Mehr als 700 Stufen sind in den Schwedenlöchern vom unteren Einstieg am Amselgrund bis hoch zum Felsmassiv der Bastei verbaut. Meist sind es mit Erdnägeln stabilisierte Holzbohlen. Die werden von den Mitarbeitern der Nationalparkverwaltung regelmäßig instand gehalten. Zweimal im Jahr wird zur Sicherheit für die vielen Wanderer außerdem auf den Weg geschwemmter Sand beiseitegeschoben und werden größere Laubhaufen beseitigt.

Jede Treppe ist Einzelanfertigung

Genormt ist hier im Gelände nichts. In der Schlucht sind quasi jede Treppe und Stufe Einzelanfertigungen. Das macht den Bauablauf auch so herausfordernd. „Erst wenn ein Steg fertig eingebaut ist, wird das Aufmaß für die anschließende Treppe gemacht und beim Stahlbauer in Auftrag gegeben“, erklärt Planer Lukas Schmidt von der Firma Schmidt Ingenieure in Neustadt.

Es ist der dritte und letzte Bauabschnitt. Auch die ersten beiden Teilbereiche wurden im Winter, also außerhalb der Hauptwandersaison, realisiert. „Ziel ist es, zu den Mai-Feiertagen den Weg wenigstens provisorisch für Wanderer zu öffnen“, sagt Nationalparkchef Uwe Borrmeister. Das soll schon zum 1. Mai der Fall sein.

Respektlose Ignoranten

Mehr als 300.000 Euro kostet die Sanierung.
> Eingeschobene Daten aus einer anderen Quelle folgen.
lemma entry_products_idem_if_idem_phiL_phiR:
  assumes sk: "skeleton X \<phi>" and h: "h \<in> Gi X (Suc (Suc n))"
    and L: "idem (phiL \<phi> h)" and R: "idem (phiR \<phi> h)"
  shows "entry_products_idem \<phi> h"
proof -
  let ?e = "\<phi> h" and ?c = "\<phi> (gc h)"
  let ?Z = "\<phi> (Anc (aprime (gla h))) \<cdot> \<phi> (gl h) \<cdot> \<phi> (Anc (gla h))"
  let ?Y = "\<phi> (Anc (aprime (gra h))) \<cdot> \<phi> (gr h) \<cdot> \<phi> (Anc (gra h))"
  have sw: "in_sandwich ?e (phiR \<phi> h) (phiL \<phi> h)" by (rule skeleton_sandwich[OF sk h])
  then have "idem ?e" by (simp add: in_sandwich_def)
  then have ee: "?e \<cdot> ?e = ?e" and "?e \<noteq> None" by (simp_all add: idem_iff)
  from sw obtain p q where "phiL \<phi> h \<cdot> p \<cdot> ?e = ?e" and "?e = ?e \<cdot> (q \<cdot> phiR \<phi> h)"
    unfolding in_sandwich_def by blast
  then have "phiL \<phi> h \<cdot> ?e = ?e" and "?e \<cdot> phiR \<phi> h = ?e"
    using L R m1.idem_absorbs_left[of "phiL \<phi> h" p ?e] m1.idem_absorbs_right[of "phiR \<phi> h" ?e q]
    by (simp_all add: idem_iff m1.assoc)
  moreover have "phiL \<phi> h = ?c \<cdot> ?Z" and "phiR \<phi> h = ?Y \<cdot> ?c"
    by (simp_all add: phiL_def phiR_def m1.assoc)
  moreover have "?c \<cdot> ?c = ?c"
    using skeleton_value_idem[OF sk Gi_Suc_Suc_entries(3)[OF h]] .
  ultimately have "?e \<cdot> ?Z \<cdot> ?e = ?e" and "?e \<cdot> ?Y \<cdot> ?e = ?e"
    using m1.absorbs_through_idem[OF ee] by simp_all
  with \<open>?e \<noteq> None\<close> show ?thesis by (rule entry_products_idemI)
qed

lemma idem_phiL_phiR_if_entry_products_idem:
  assumes "g \<in> Gi X (Suc (Suc n))"
    and "entry_products_idem \<phi> (gl g)" and "entry_products_idem \<phi> (gr g)"
  shows "idem (phiL \<phi> g) \<and> idem (phiR \<phi> g)"
  using assms Gi_Suc_Suc_entries(4,5)[OF assms(1)]
  by (simp add: phiL_eq_left_product phiR_eq_right_product entry_products_idem_def)

lemma entry_products_idem_Gi:
  assumes sk: "skeleton X \<phi>"
  shows "h \<in> Gi X (Suc k) \<Longrightarrow> entry_products_idem \<phi> h"
proof (induction k arbitrary: h)
  case 0
  then show ?case using entry_products_idem_gxx[OF sk] by auto
next
  case (Suc k)
  then have "idem (phiL \<phi> h) \<and> idem (phiR \<phi> h)"
    by (simp add: idem_phiL_phiR_if_entry_products_idem Gi_Suc_Suc_entries(1,2))
  with Suc.prems show ?case by (simp add: entry_products_idem_if_idem_phiL_phiR[OF sk])
qed

theorem lemma6p1:
  fixes X :: "'x set" and \<phi> :: "'x gel \<Rightarrow> 'a::semigroup_mult option"
  assumes "X \<noteq> {}"
    and "regular_sg TYPE('a)"
    and "skeleton X \<phi>"
    and "i \<ge> 2" and "g \<in> Gi X i"
  shows "idem (phiL \<phi> g) \<and> idem (phiR \<phi> g)"
proof -
  obtain n where "i = Suc (Suc n)" using \<open>i \<ge> 2\<close> by (metis add_2_eq_Suc le_Suc_ex)
  with \<open>g \<in> Gi X i\<close> have "g \<in> Gi X (Suc (Suc n))" by simp
  then show ?thesis
    using idem_phiL_phiR_if_entry_products_idem Gi_Suc_Suc_entries(1,2)
      entry_products_idem_Gi[OF \<open>skeleton X \<phi>\<close>]
    by blast
qed

end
Es ist die größte Baustelle in der Kernzone des Nationalparks, die jemals umgesetzt wurde. Und es wird wohl noch lange die größte bleiben, der Qualitätsarbeit der Betonwerker aus den 1960er-Jahren sei Dank.
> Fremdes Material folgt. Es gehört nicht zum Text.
lemma continuous_at_left_iff_left_inf_eq:
  assumes "a < t" "t \<le> b"
  shows "continuous (at_left t) g \<longleftrightarrow> left_inf g a t = g t"
proof
  assume "continuous (at_left t) g"
  then have "(g \<longlongrightarrow> g t) (at_left t)"
    by (simp add: continuous_within)
  moreover have "\<forall>\<^sub>F s in at_left t. left_inf g a t \<le> g s"
    using eventually_at_left_real[OF assms(1)] assms
    by (elim eventually_mono) (auto intro: left_inf_le)
  ultimately have "left_inf g a t \<le> g t"
    by (rule tendsto_lowerbound) simp
  then show "left_inf g a t = g t"
    using le_left_inf[of t] assms by simp
next
  assume eq: "left_inf g a t = g t"
  have "\<forall>\<^sub>F s in at_left t. g t \<le> g s"
    using eventually_at_left_real[OF assms(1)] assms
    by (elim eventually_mono) (auto intro: g_le)
  moreover have "\<forall>\<^sub>F s in at_left t. g s \<le> left_inf g a s"
    using eventually_at_left_real[OF assms(1)] assms
    by (elim eventually_mono) (auto intro: le_left_inf)
  ultimately have "(g \<longlongrightarrow> g t) (at_left t)"
    using tendsto_sandwich[OF _ _ tendsto_const tendsto_left_inf[OF assms]] eq by simp
  then show "continuous (at_left t) g"
    by (simp add: continuous_within)
qed

lemma countable_left_inf_neq: "countable {t \<in> {a..b}. left_inf g a t \<noteq> g t}"
proof (rule countable_subset)
  have "mono_on {a..b} (\<lambda>x. - g x)"
    using g_le by (auto intro: monotone_onI)
  then show "countable {t \<in> {a..b}. \<not> continuous (at t within {a..b}) (\<lambda>x. - g x)}"
    by (rule mono_on_ctble_discont)
  show "{t \<in> {a..b}. left_inf g a t \<noteq> g t}
      \<subseteq> {t \<in> {a..b}. \<not> continuous (at t within {a..b}) (\<lambda>x. - g x)}"
  proof clarify
    fix t assume t: "t \<in> {a..b}" "left_inf g a t \<noteq> g t"
      and "continuous (at t within {a..b}) (\<lambda>x. - g x)"
    then have "continuous (at t within {a..t}) (\<lambda>x. - g x)"
      by (auto intro: continuous_within_subset)
    from continuous_minus[OF this] have "continuous (at t within {a..t}) g"
      by simp
    moreover have "a < t"
      using t by (cases "a = t") auto
    ultimately show False
      using t continuous_at_left_iff_left_inf_eq[of t] by (simp add: at_within_Icc_at_left)
  qed
qed

end

definition IC_allocation :: "real \<Rightarrow> real \<Rightarrow> (real \<Rightarrow> real) \<Rightarrow> (real \<Rightarrow> real) \<Rightarrow> bool" where
  "IC_allocation \<theta>l \<theta>h x u \<longleftrightarrow>
     (\<forall>\<theta>\<in>{\<theta>l..\<theta>h}. \<forall>\<theta>'\<in>{\<theta>l..\<theta>h}. u \<theta>' + (\<theta>' - \<theta>) * x \<theta>' \<le> u \<theta>)"

lemma IC_iff_IC_allocation: "IC \<theta>l \<theta>h r q u \<longleftrightarrow> IC_allocation \<theta>l \<theta>h (\<lambda>t. q t * r t) u"
  by (simp add: IC_def IC_allocation_def mult.assoc)

lemma IC_allocationD:
  "IC_allocation a b x u \<Longrightarrow> s \<in> {a..b} \<Longrightarrow> t \<in> {a..b} \<Longrightarrow> u t + (t - s) * x t \<le> u s"
  unfolding IC_allocation_def by blast

lemma IC_allocation_antimono:
  assumes "IC_allocation a b x u"
  shows "antimono_on {a..b} x"
proof (rule monotone_onI)
  fix s t assume st: "s \<in> {a..b}" "t \<in> {a..b}" "s \<le> t"
  have "(t - s) * x t \<le> (t - s) * x s"
    using IC_allocationD[OF assms st(1,2)] IC_allocationD[OF assms st(2,1)]
    by (simp add: algebra_simps)
  then show "x t \<le> x s"
    using st(3) by (cases "s = t") auto
qed

lemma IC_allocation_utility_antimono:
  assumes "IC_allocation a b x u" "\<forall>t\<in>{a..b}. 0 \<le> x t"
  shows "antimono_on {a..b} u"
proof (rule monotone_onI)
  fix s t assume st: "s \<in> {a..b}" "t \<in> {a..b}" "s \<le> t"
  have "0 \<le> (t - s) * x t"
    using st assms(2) by simp
  then show "u t \<le> u s"
    using IC_allocationD[OF assms(1) st(1,2)] by simp
qed

lemma IC_allocation_left_inf:
  assumes IC: "IC_allocation a b x u" and nonneg: "\<forall>t\<in>{a..b}. 0 \<le> x t"
  shows "IC_allocation a b (left_inf x a) u"
  unfolding IC_allocation_def
proof (intro ballI)
  fix \<theta> \<theta>' assume \<theta>: "\<theta> \<in> {a..b}" and \<theta>': "\<theta>' \<in> {a..b}"
  have anti: "antimono_on {a..b} x"
    using IC by (rule IC_allocation_antimono)
  show "u \<theta>' + (\<theta>' - \<theta>) * left_inf x a \<theta>' \<le> u \<theta>"
  proof (cases "\<theta>' \<le> \<theta>")
    case True
    have "(\<theta>' - \<theta>) * left_inf x a \<theta>' \<le> (\<theta>' - \<theta>) * x \<theta>'"
      using True le_left_inf[OF anti \<theta>'] by (intro mult_left_mono_neg) auto
    then show ?thesis
      using IC_allocationD[OF IC \<theta> \<theta>'] by simp
  next
    case False
    then have "\<theta> < \<theta>'"
      by simp
    have bound: "\<forall>\<^sub>F t in at_left \<theta>'. (t - \<theta>) * left_inf x a \<theta>' \<le> u \<theta> - u \<theta>'"
      using eventually_at_left_real[OF \<open>\<theta> < \<theta>'\<close>]
    proof (rule eventually_mono)
      fix t assume t: "t \<in> {\<theta><..<\<theta>'}"
      then have t_in: "t \<in> {a..b}"
        using \<theta> \<theta>' by auto
      have "(t - \<theta>) * left_inf x a \<theta>' \<le> (t - \<theta>) * x t"
        using left_inf_le[OF anti \<theta>' t_in] t by (intro mult_left_mono) auto
      also have "\<dots> \<le> u \<theta> - u t"
        using IC_allocationD[OF IC \<theta> t_in] by simp
      also have "\<dots> \<le> u \<theta> - u \<theta>'"
        using monotone_onD[OF IC_allocation_utility_antimono[OF IC nonneg] t_in \<theta>'] t by simp
      finally show "(t - \<theta>) * left_inf x a \<theta>' \<le> u \<theta> - u \<theta>'" .
    qed
    have "((\<lambda>t. (t - \<theta>) * left_inf x a \<theta>') \<longlongrightarrow> (\<theta>' - \<theta>) * left_inf x a \<theta>') (at_left \<theta>')"
      by (intro tendsto_intros)
    from tendsto_upperbound[OF this bound]
    have "(\<theta>' - \<theta>) * left_inf x a \<theta>' \<le> u \<theta> - u \<theta>'"
      by (simp add: trivial_limit_at_left_real)
    then show ?thesis
      by simp
  qed
qed

lemma is_interval_antimono_preimage:
  fixes x :: "real \<Rightarrow> real"
  assumes "antimono_on D x" "is_interval D" "is_interval S"
  shows "is_interval {t \<in> D. x t \<in> S}"
  unfolding is_interval_1
proof (intro ballI allI impI)
  fix s t v assume s: "s \<in> {t \<in> D. x t \<in> S}" and t: "t \<in> {t \<in> D. x t \<in> S}" and v: "s \<le> v \<and> v \<le> t"
  then have "v \<in> D"
    using assms(2) unfolding is_interval_1 by blast
  moreover have "x t \<le> x v" "x v \<le> x s"
    using monotone_onD[OF assms(1)] s t v \<open>v \<in> D\<close> by auto
  ultimately show "v \<in> {t \<in> D. x t \<in> S}"
    using assms(3) s t unfolding is_interval_1 by blast
qed

lemma floor_randomized_of_allocation:
  fixes P x u :: "real \<Rightarrow> real" and qbar c :: real
  defines "Q \<equiv> qhat P qbar c"
  assumes IC: "IC_allocation \<theta>l \<theta>h x u" and bounds: "\<forall>t\<in>{\<theta>l..\<theta>h}. 0 \<le> x t \<and> x t \<le> qbar"
    and IR: "IR \<theta>l \<theta>h u" and u_top: "u \<theta>h = 0" and "0 < Q" "Q \<le> qbar"
  shows "floor_randomized P qbar c \<theta>l \<theta>h (\<lambda>t. floor_prob Q (x t)) (\<lambda>t. floor_quantity Q (x t)) u"
proof -
  let ?D = "{\<theta>l..\<theta>h}"
  have anti: "antimono_on ?D x"
    using IC by (rule IC_allocation_antimono)
  have less_if_less: "t < s" if "s \<in> ?D" "t \<in> ?D" "x s < x t" for s t
    using monotone_onD[OF anti, of s t] that by (cases "s \<le> t") auto
  define T1 T01 T0 where "T1 = {t \<in> ?D. x t \<in> {Q..}}" and "T01 = {t \<in> ?D. x t \<in> {0<..<Q}}"
    and "T0 = {t \<in> ?D. x t \<in> {..0}}"
  have intervals: "is_interval T1" "is_interval T01" "is_interval T0"
    unfolding T1_def T01_def T0_def
    by (intro is_interval_antimono_preimage[OF anti is_interval_cc]; simp add: is_interval_convex_1)+
  have T0_zero: "x t = 0" if "t \<in> T0" for t
    using that bspec[OF bounds, of t] by (auto simp: T0_def)
  have "mechanism \<theta>l \<theta>h qbar (\<lambda>t. floor_prob Q (x t)) (\<lambda>t. floor_quantity Q (x t)) u"
    using bounds \<open>0 < Q\<close> \<open>Q \<le> qbar\<close>
    by (auto simp: mechanism_def floor_prob_def floor_quantity_def)
  moreover have "IC \<theta>l \<theta>h (\<lambda>t. floor_prob Q (x t)) (\<lambda>t. floor_quantity Q (x t)) u"
    using IC bounds floor_quantity_mult_prob[OF \<open>0 < Q\<close>]
    by (simp add: IC_iff_IC_allocation IC_allocation_def)
  ultimately show ?thesis
    unfolding floor_randomized_def
  proof (intro conjI, goal_cases)
    case 5
    show ?case
    proof (rule exI[of _ T1], rule exI[of _ T01], rule exI[of _ T0], intro conjI intervals)
    qed (use T0_zero \<open>0 < Q\<close> in \<open>auto simp: T1_def T01_def T0_def floor_prob_def floor_quantity_def
        Q_def[symmetric] intro: less_if_less\<close>)
  qed (use IR u_top in blast)+
qed

lemma floor_randomized_cases:
  assumes "floor_randomized P qbar c \<theta>l \<theta>h r q u" "\<theta> \<in> {\<theta>l..\<theta>h}"
  shows "(q \<theta> = 0 \<and> r \<theta> = 0) \<or> (qhat P qbar c \<le> q \<theta> \<and> r \<theta> = 1)
    \<or> (q \<theta> = qhat P qbar c \<and> 0 < r \<theta> \<and> r \<theta> < 1)"
  using assms unfolding floor_randomized_def by blast

locale floor_randomized_DD = inverse_demand P qbar for P qbar +
  fixes c \<theta>l \<theta>h :: real and r q u :: "real \<Rightarrow> real"
  assumes \<theta>l_pos: "0 < \<theta>l" and \<theta>l_less_\<theta>h: "\<theta>l < \<theta>h" and c_pos: "0 < c" and \<theta>h_less: "\<theta>h < P 0"
    and TS_efficient_pos: "TS P c \<theta>h (qe P qbar \<theta>h) > 0"
    and floor_randomized: "floor_randomized P qbar c \<theta>l \<theta>h r q u"
    and DD: "DD P qbar \<theta>l \<theta>h q"
begin

abbreviation "Q \<equiv> qhat P qbar c"

definition alloc :: "real \<Rightarrow> real" where
  "alloc t = q t * r t"

definition alloc_lc :: "real \<Rightarrow> real" where
  "alloc_lc = left_inf alloc \<theta>l"

definition r_lc :: "real \<Rightarrow> real" where
  "r_lc t = floor_prob Q (alloc_lc t)"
Was sich ebenfalls erhalten hat – allerdings weniger positiv –, ist das respektlose Verhalten mancher Mitmenschen. Der obere Eingang in die Schlucht wurde mit hohen Bauzäunen zugestellt. Am unteren Eingang ist sogar eine Metalltür als Absperrung aufgestellt worden. „Und trotzdem stehen immer wieder mal Wanderer vor uns in der Baustelle“, sagt Stöcker. Dabei sind sowohl an den Wegen vom Basteiparkplatz aus als auch im Amselgrund Hinweisschilder angebracht. „Das war bei uns damals auch schon so, dass plötzlich Wanderer vor uns standen. Die Ignoranz stirbt scheinbar nie aus“, sagt Harry Dintner.